Not to be “Well, Actually” guy, but the elemental evil minis from Wizkids are not an expansion to the D&D minis game, because the D&D minis game doesn’t exist anymore. They’re simply miniatures intended for use with the RPG, for groups who enjoy that sort of thing
No problem at all. Fixed that.
I am running this campaign on roll20. I think it is going to be a hard campaign to DM as the players are given a lot of choice as to where they are going and which dungeon they want to explore. Several dungeon levels are linked together with unsuitably big jumps in playability for characters of a certain level. For example River Guard Keep (4th level) leads to the temple Of Crushing Wave ( 7th Level ), this then connects to Fane Of The Eye a 10th Level dungeon via a staircase. There is no in game device to stop characters of a low level blundering into a high level dungeon and getting slaughtered almost immediately. It kind of reminds me of a badly designed d&d type computer game where, your party runs round fighting monsters, then descend down a stair case and gets wiped out immediately by by some horrific high level monster.
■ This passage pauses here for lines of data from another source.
lemma caterpillar_Suc:
  "caterpillar m (Suc n) = insert {Suc n, spine_parent m (Suc n)} (caterpillar m n)"
  unfolding caterpillar_def by (simp add: atLeastAtMostSuc_conv)

lemma verts_caterpillar: "verts (caterpillar m n) \<subseteq> {..n}"
proof
  fix x assume "x \<in> verts (caterpillar m n)"
  then obtain v where "v \<in> {1..n}" "x \<in> {v, spine_parent m v}"
    unfolding verts_def caterpillar_def by auto
  then show "x \<in> {..n}" using spine_parent_less[of v m] by auto
qed

lemma caterpillar_new_vertex: "Suc n \<notin> verts (caterpillar m n)"
  using verts_caterpillar by fastforce

lemma acyclic_caterpillar: "acyclic_graph (caterpillar m n)"
proof (induction n)
  case 0
  then show ?case unfolding caterpillar_def acyclic_graph_def simple_graph_def has_cycle_def by simp
next
  case (Suc n)
  have "spine_parent m (Suc n) \<noteq> Suc n" using spine_parent_less[of "Suc n" m] by simp
  then have "acyclic_graph (insert {spine_parent m (Suc n), Suc n} (caterpillar m n))"
    using acyclic_graph_insert_pendant[OF Suc.IH _ caterpillar_new_vertex] by blast
  then show ?case unfolding caterpillar_Suc by (simp add: insert_commute)
qed

lemma finite_caterpillar: "finite (caterpillar m n)"
  unfolding caterpillar_def by simp

lemma caterpillar_edge_notin: "{Suc n, spine_parent m (Suc n)} \<notin> caterpillar m n"
  using caterpillar_new_vertex unfolding verts_def by blast

lemma card_caterpillar: "card (caterpillar m n) = n"
proof (induction n)
  case 0
  then show ?case unfolding caterpillar_def by simp
next
  case (Suc n)
  then show ?case unfolding caterpillar_Suc using caterpillar_edge_notin[of n m] finite_caterpillar by simp
qed

lemma degree_caterpillar_Suc:
  "degree (caterpillar m (Suc n)) u
    = degree (caterpillar m n) u + (if u = Suc n \<or> u = spine_parent m (Suc n) then 1 else 0)"
  unfolding caterpillar_Suc using degree_insert[OF caterpillar_edge_notin finite_caterpillar] by simp

lemma degree_caterpillar_next_parent:
  assumes n: "n \<ge> 1"
  shows "degree (caterpillar m n) (spine_parent m (n + 1)) = 1 + (n - 1) mod m"
  using n
proof (induction n rule: nat_induct_at_least)
  case base
  have "caterpillar m 1 = {{1, 0}}" unfolding caterpillar_def spine_parent_def by simp
  moreover have "spine_parent m (Suc (Suc 0)) = 1" unfolding spine_parent_def by simp
  moreover have "{e \<in> {{1::nat, 0}}. 1 \<in> e} = {{1, 0}}" by auto
  ultimately show ?case unfolding degree_def by simp
next
  case (Suc n)
  show ?case
  proof (cases "n mod m = 0")
    case True
    then have "(n div m) * m = n" by (metis div_mult_mod_eq add_0_right)
    then have "spine_parent m (Suc n + 1) = n + 1" unfolding spine_parent_def by simp
    moreover have "degree (caterpillar m n) (n + 1) = 0"
      using caterpillar_new_vertex degree_notin_verts by simp
    ultimately show ?thesis using True degree_caterpillar_Suc[of m n "n + 1"] by simp
  next
    case False
    have "spine_parent m (n + 1) \<noteq> Suc n" using spine_parent_less[of "n + 1" m] by simp
    then show ?thesis using Suc.IH spine_parent_Suc[OF Suc.hyps False] div_mod_pred(2)[OF False]
        degree_caterpillar_Suc[of m n "spine_parent m (n + 1)"] by simp
  qed
qed

lemma degree_caterpillar_le:
  assumes m: "m \<ge> 1"
  shows "degree (caterpillar m n) u \<le> m + 1"
proof (induction n)
  case 0
  then show ?case unfolding caterpillar_def degree_def by simp
next
  case (Suc n)
  consider "u = Suc n" | "u = spine_parent m (Suc n)" "n \<ge> 1" | "u = spine_parent m (Suc n)" "n = 0"
    | "u \<noteq> Suc n" "u \<noteq> spine_parent m (Suc n)" by linarith
  then show ?case
  proof cases
    case 1
    then show ?thesis using degree_caterpillar_Suc[of m n u] caterpillar_new_vertex degree_notin_verts
      by simp
  next
    case 2
    then have "degree (caterpillar m n) u \<le> m"
      using degree_caterpillar_next_parent[of n m] mod_less_divisor[of m "n - 1"] m by fastforce
    then show ?thesis using degree_caterpillar_Suc[of m n u] by simp
  next
    case 3
    then show ?thesis using degree_caterpillar_Suc[of m n u] by (simp add: caterpillar_def degree_def)
  next
    case 4
    then show ?thesis using degree_caterpillar_Suc[of m n u] Suc.IH by simp
  qed
qed

lemma max_degree_caterpillar:
  assumes m: "m \<ge> 1" and n: "n \<ge> m + 1"
  shows "max_degree (caterpillar m n) = m + 1"
proof (rule max_degree_eqI)
  have "spine_parent m (m + 1) = 1" unfolding spine_parent_def using m by simp
  then have "degree (caterpillar m (Suc m)) 1 = m + 1"
    using degree_caterpillar_next_parent[of m m] degree_caterpillar_Suc[of m m 1] m by simp
  moreover have "caterpillar m (Suc m) \<subseteq> caterpillar m n" unfolding caterpillar_def using n by auto
  ultimately have "m + 1 \<le> degree (caterpillar m n) 1" using degree_mono finite_caterpillar by metis
  then show "degree (caterpillar m n) 1 = m + 1" using degree_caterpillar_le[OF m] le_antisym by blast
  then show "1 \<in> verts (caterpillar m n)" using degree_notin_verts by fastforce
qed (use acyclic_caterpillar degree_caterpillar_le[OF m] in \<open>auto simp: acyclic_graph_def\<close>)

lemma two_eL_caterpillar:
  assumes m: "m \<ge> 1" and n: "n \<ge> 1"
  shows "2 * eL (caterpillar m n) = greedy_fill m (n - 1)"
  using n
proof (induction n rule: nat_induct_at_least)
  case base
  have "caterpillar m 1 = {{1, 0}}" unfolding caterpillar_def spine_parent_def by simp
  moreover have "line_graph_edges {{1::nat, 0}} = {}" unfolding line_graph_edges_def by auto
  ultimately show ?case unfolding eL_def greedy_fill_def by simp
next
  case (Suc n)
  have "eL (caterpillar m (Suc n)) = eL (caterpillar m n) + degree (caterpillar m n) (spine_parent m (Suc n))"
    unfolding caterpillar_Suc
    using eL_insert_pendant[OF finite_caterpillar caterpillar_new_vertex, where u = "spine_parent m (Suc n)"]
    by (simp add: insert_commute)
  then have "2 * eL (caterpillar m (Suc n)) = greedy_fill m (n - 1) + 2 * (1 + (n - 1) mod m)"
    using Suc.IH degree_caterpillar_next_parent[OF Suc.hyps] by simp
  also have "\<dots> = greedy_fill m (n - 1 + 1)" using greedy_fill_Suc[OF m] by simp
  finally show ?case using Suc.hyps by simp
qed

definition matching :: "nat \<Rightarrow> nat set set" where
  "matching n = (\<lambda>i. {2 * i, 2 * i + 1}) ` {..<n}"

lemma acyclic_matching: "acyclic_graph (matching n)"
proof (induction n)
  case 0
  then show ?case unfolding matching_def acyclic_graph_def simple_graph_def has_cycle_def by simp
next
  case (Suc n)
  have "2 * n + 1 \<notin> verts (matching n)" unfolding matching_def verts_def by auto
  then show ?case unfolding matching_def lessThan_Suc image_insert
    using acyclic_graph_insert_pendant[OF Suc.IH[unfolded matching_def]] by simp
qed

lemma card_matching: "card (matching n) = n"
proof -
  have "inj_on (\<lambda>i. {2 * i, 2 * i + 1}) {..<n}" by (rule inj_onI) (auto simp: doubleton_eq_iff)
  then show ?thesis unfolding matching_def by (simp add: card_image)
qed

lemma degree_matching_le_1: "degree (matching n) v \<le> 1"
proof -
  have "{e\<in>matching n. v \<in> e} \<subseteq> {{2 * (v div 2), 2 * (v div 2) + 1}}" unfolding matching_def by auto
  then show ?thesis unfolding degree_def using card_mono[of "{{2 * (v div 2), 2 * (v div 2) + 1}}"] by fastforce
qed

lemma max_degree_matching: "n \<ge> 1 \<Longrightarrow> max_degree (matching n) = 1"
proof (rule max_degree_eqI)
  assume "n \<ge> 1"
  then have "{0, 1} \<in> matching n" unfolding matching_def by force
  then show "0 \<in> verts (matching n)" unfolding verts_def by blast
  then show "degree (matching n) 0 = 1"
    using degree_ge_1[of "matching n"] degree_matching_le_1 le_antisym unfolding matching_def by blast
qed (use acyclic_matching degree_matching_le_1 in \<open>auto simp: acyclic_graph_def\<close>)

section \<open>Values of g\<close>

lemma g_eqI:
  assumes "acyclic_graph F" "card F = N" "max_degree F = D"
    and "\<And>F'. acyclic_graph F' \<Longrightarrow> card F' = N \<Longrightarrow> max_degree F' = D \<Longrightarrow> eL F' \<le> eL F"
  shows "g N D = eL F"
  unfolding g_def
proof (rule Max_eqI)
  show "finite {eL F | F. acyclic_graph F \<and> card F = N \<and> max_degree F = D}"
    by (rule finite_subset[of _ "{..eL F}"]) (auto dest: assms(4))
qed (use assms in auto)

lemma g_max_degree_1:
  assumes "N \<ge> 1"
  shows "g N 1 = 0"
proof -
  have "eL F = 0" if "acyclic_graph F" "max_degree F = 1" for F
    using that eL_eq_0_of_max_degree_le_1 unfolding acyclic_graph_def by simp
  then show ?thesis
    using g_eqI[OF acyclic_matching card_matching max_degree_matching[OF assms]] acyclic_matching
      max_degree_matching[OF assms] by simp
qed

lemma two_g_eq_greedy_fill:
  assumes m: "m \<ge> 1" and N: "N \<ge> m + 1"
  shows "2 * g N (m + 1) = greedy_fill m (N - 1)"
proof -
  have "g N (m + 1) = eL (caterpillar m N)"
  proof (rule g_eqI[OF acyclic_caterpillar card_caterpillar max_degree_caterpillar[OF m N]])
    fix F assume "acyclic_graph F" "card F = N" "max_degree F = m + 1"
    then have "2 * eL F \<le> greedy_fill m (N - 1)" using two_eL_le_greedy_fill[OF m] N by fastforce
    then show "eL F \<le> eL (caterpillar m N)" using two_eL_caterpillar[OF m, of N] N by simp
  qed
  then show ?thesis using two_eL_caterpillar[OF m] N by simp
qed

lemma g_closed_form:
  assumes D: "D \<ge> 2" and N: "N \<ge> D" and k: "(N - 1) mod (D - 1) = k"
  shows "real (g N D) = (real N - real k - 1) * real D / 2 + real ((k + 1) choose 2)"
proof -
  define m q where "m = D - 1" and "q = (N - 1) div m"
  have Nq: "N - 1 = q * m + k" using div_mult_mod_eq[of "N - 1" m] k unfolding q_def m_def by simp
  have km: "k < m" using k D unfolding m_def by auto
  have "2 * g N D = q * m * (m + 1) + k * (k + 1)"
    using two_g_eq_greedy_fill[of m N] greedy_fill_eq[OF km] D N Nq unfolding m_def by simp
  moreover have "2 * ((k + 1) choose 2) = (k + 1) * k" using two_mult_choose_two[of "k + 1"] by simp
  moreover have "N = q * m + k + 1" "D = m + 1" using Nq N D unfolding m_def by auto
  ultimately show ?thesis
    by (simp add: field_simps flip: of_nat_mult of_nat_add)
qed

lemma closed_form_le:
  assumes "k + 1 \<le> D"
  shows "(real N - real k - 1) * real D / 2 + real ((k + 1) choose 2) \<le> (real N - 1) * real D / 2"
proof -
  have "2 * ((k + 1) choose 2) = (k + 1) * k" using two_mult_choose_two[of "k + 1"] by simp
  moreover have "(k + 1) * k \<le> D * k" using mult_le_mono1[OF assms] .
  ultimately have "2 * real ((k + 1) choose 2) \<le> real D * real k" by (simp flip: of_nat_mult)
  then show ?thesis by (simp add: field_simps)
qed

lemma g_Suc_edges:
  assumes "D \<ge> 2" "N \<ge> D"
  shows "g N D + 1 \<le> g (N + 1) D"
proof -
  define m where "m = D - 1"
  have m: "m \<ge> 1" and D: "D = m + 1" using assms(1) unfolding m_def by auto
  have "2 * g (N + 1) D = greedy_fill m (N - 1 + 1)"
    using two_g_eq_greedy_fill[OF m, of "N + 1"] assms D by simp
  also have "\<dots> = greedy_fill m (N - 1) + 2 * (1 + (N - 1) mod m)" by (rule greedy_fill_Suc[OF m])
  also have "greedy_fill m (N - 1) = 2 * g N D" using two_g_eq_greedy_fill[OF m, of N] assms D by simp
  finally show ?thesis by simp
qed

lemma g_Suc_max_degree:
  assumes "D \<ge> 1" "N > D"
  shows "g N D + 1 \<le> g N (D + 1)"
proof (cases "D = 1")
  case True
  have "2 * g N 2 = greedy_fill 1 (N - 1)"
    using two_g_eq_greedy_fill[of 1 N, unfolded one_add_one] assms True by simp
  then have "g N 2 = N - 1" by (simp add: greedy_fill_def)
  moreover have "g N 1 = 0" using assms by (intro g_max_degree_1) simp
  ultimately show ?thesis using assms True by (simp add: numeral_2_eq_2)
next
  case False
  define m where "m = D - 1"
  have m: "m \<ge> 1" and D: "D = m + 1" using assms(1) False unfolding m_def by auto
  have "2 * g N D + 2 = greedy_fill m (N - 1) + 2" using two_g_eq_greedy_fill[OF m, of N] assms D by simp
  also have "\<dots> \<le> greedy_fill (m + 1) (N - 1)" using greedy_fill_Suc_cap[OF m] assms D by simp
  also have "\<dots> = 2 * g N (D + 1)" using two_g_eq_greedy_fill[of "m + 1" N] assms D by simp
  finally show ?thesis by simp
qed

theorem mainTheorem7:
  fixes N D :: nat
  assumes "N \<ge> D" and "D \<ge> 1"
  shows "g N 1 = 0
    \<and> (\<forall>k::nat. D \<ge> 2 \<longrightarrow> [N - 1 = k] (mod (D - 1)) \<longrightarrow> k \<le> D - 2 \<longrightarrow>
         real (g N D) = (real N - real k - 1) * real D / 2 + real ((k + 1) choose 2)
         \<and> (real N - real k - 1) * real D / 2 + real ((k + 1) choose 2) \<le> (real N - 1) * real D / 2)
    \<and> (D \<ge> 2 \<longrightarrow> g (N + 1) D \<ge> g N D + 1)
    \<and> (N > D \<longrightarrow> g N (D + 1) \<ge> g N D + 1)"
proof (intro conjI allI impI)
  show "g N 1 = 0" using assms by (intro g_max_degree_1) simp
next
  fix k :: nat
  assume D: "D \<ge> 2" and "[N - 1 = k] (mod (D - 1))" and k: "k \<le> D - 2"
  then have "(N - 1) mod (D - 1) = k" unfolding cong_def by simp
  then show "real (g N D) = (real N - real k - 1) * real D / 2 + real ((k + 1) choose 2)"
    using g_closed_form D assms(1) by blast
  show "(real N - real k - 1) * real D / 2 + real ((k + 1) choose 2) \<le> (real N - 1) * real D / 2"
    using closed_form_le k D by simp
next
  show "D \<ge> 2 \<Longrightarrow> g (N + 1) D \<ge> g N D + 1" using g_Suc_edges assms(1) by blast
next
  show "N > D \<Longrightarrow> g N (D + 1) \<ge> g N D + 1" using g_Suc_max_degree assms(2) by blast
qed

end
There is a general plot that elemental cultists are trying to take over the Dessarin Valley, but the campaign lacks a clear narrative. Much could have been made of each elemental cults rivalries and there should be opportunities for the party to play one off against the other, using a classic divide and conquer role playing strategy. There is lots of good material in the campaign, but I am still figuring out how I am going link everything together to produce a compelling epic d&d campaign for my players ?
I would preferred the campaign to have been a more modular affair that was event driven, as this greatly assists the DM.
Um actually its a good design, you do not want to be leading your players down a straight and narrow path, you want them to explore, you want them to make mistakes and learn from their lessons. This is what makes this campaign so awesome.
Adam I have finished DMing Princes Of The Apocalypse this week after nearly a year of playing this campaign once per week. I stand by all my above comments, in that it was a very hard module to DM and the party did often wander into areas that were either way to hard or too easy for them, I had to fudge a lot of stuff to make the campaign work. My players enjoyed the campaign, but they generally went round hacking everything to death and from my point of view everything got a bit too mechanical. The campaign took too long to complete and only two of the original players stuck with it for the whole game span. Please wizards stick to the tried and tested formula of making each adventure within a campaign 25 to 30 pages long so that it completable within 3 months. It is also important to note that players only need to have the illusion of free choice, as total freedom of choice within a game would make it impossible for a DM unless you happen to have God like powers.
This type of campaign is suppost to give the players choices and that is why it stands out. I would not want this campaign any more event driven than it is, and players can always figure out that they cant take on a dungeon when they have their first encounter with a creature from that dungeon. This campaign forced the Players to go back and to find a way around certain problems. Awesome campaign in my opinion.